Meyers said that high turnover among caregivers, which he blamed on low pay and a lack of training, is one of the most significant challenges facing the system. Simply adding staff members, as has happened with Edwards, isn’t enough, he said. 

“It is not just a matter of not having enough money. It’s a matter of using the money wisely,” he said. “We are often just throwing money at it without knowing what is going to be effective.” 

There’s another element, too, Meyers said – “questions we don’t yet have answers to. There are people whose diagnoses are so complex that right now we can’t fully provide for them. We can’t fully provide the care they need.”
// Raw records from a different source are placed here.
lemma bob_wins_next_to_inner:
  assumes turn: "\<not> alice_turn V f" and sur: "surrounded f"
    and x: "x \<in> V" "f x = None" "x \<notin> path" "adj E x x2"
    and c: "c \<in> available 3 E f x" "c \<noteq> al"
  shows "bob_wins 3 V E f"
proof -
  have "c < 3"
    using c unfolding available_def by auto
  then obtain b where colours: "b \<noteq> c" "{..<3} - {al} = {b, c}"
    using ex_other_colour[OF al_colour] c(2) by blast
  have "legal_move 3 V E f x1 b"
    unfolding legal_move_def
    using path_in_V surrounded_uncoloured[OF sur] surrounded_available[OF sur] colours by auto
  moreover have "\<exists>v\<in>V. (f(x1 := Some b)) v = None"
    using inner_neighbour_threats[OF sur x c(1) colours] unfolding block_threat_def by blast
  ultimately show ?thesis
    using bob_wins_by_move_forcing_threat[OF finite_V turn]
      inner_neighbour_reply_threatens[OF sur x c(1) colours] by blast
qed

lemma bob_wins_next_to_path:
  assumes "\<not> alice_turn V f" "surrounded f" "x \<in> V" "f x = None" "x \<notin> path"
    and "p \<in> path" "adj E x p" "c \<in> available 3 E f x" "c \<noteq> al"
  shows "bob_wins 3 V E f"
proof -
  interpret reversed: P4_in_even_tree V E al x4 x3 x2 x1
    using tree even_card al_colour path_distinct path_in_V path_adj by unfold_locales auto
  have "reversed.surrounded f"
    using assms(2) unfolding surrounded_def reversed.surrounded_def by auto
  have "x \<notin> {x4, x3, x2, x1}"
    using assms(5) by auto
  note reversed_assms = assms(1) \<open>reversed.surrounded f\<close> assms(3,4)
    \<open>x \<notin> {x4, x3, x2, x1}\<close> assms(7-9)
  from assms(6) consider "p = x1" | "p = x2" | "p = x3" | "p = x4"
    by auto
  then show ?thesis
  proof cases
    case 1
    then show ?thesis using bob_wins_next_to_end assms by blast
  next
    case 2
    then show ?thesis using bob_wins_next_to_inner assms by blast
  next
    case 3
    then show ?thesis using reversed.bob_wins_next_to_inner reversed_assms by blast
  next
    case 4
    then show ?thesis using reversed.bob_wins_next_to_end reversed_assms by blast
  qed
qed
A spokesman for the state didn’t address questions about the million-dollar price tag for services for some people with intellectual and developmental disabilities, but did acknowledge that the initial project was not perfect.

“It is not just a matter of not having enough money. It’s a matter of using the money wisely.”

Jon Meyers, executive director of the Arizona Developmental Disabilities Planning Council

“While there were aspects of the pilot model that were more successful in providing individuals with an engaging living environment where their needs were supported, the Division continued its work to improve and enhance this service model,” said Brett Bezio, deputy press secretary for the Arizona Department of Economic Security, which oversees the Division of Developmental Disabilities. “Using the information and trends that were identified in those initial years, review of models in other states, as well as working with external experts in this field, the Division has created an updated service specification for this type of residential placement setting that it hopes will make the service more effective in the future.”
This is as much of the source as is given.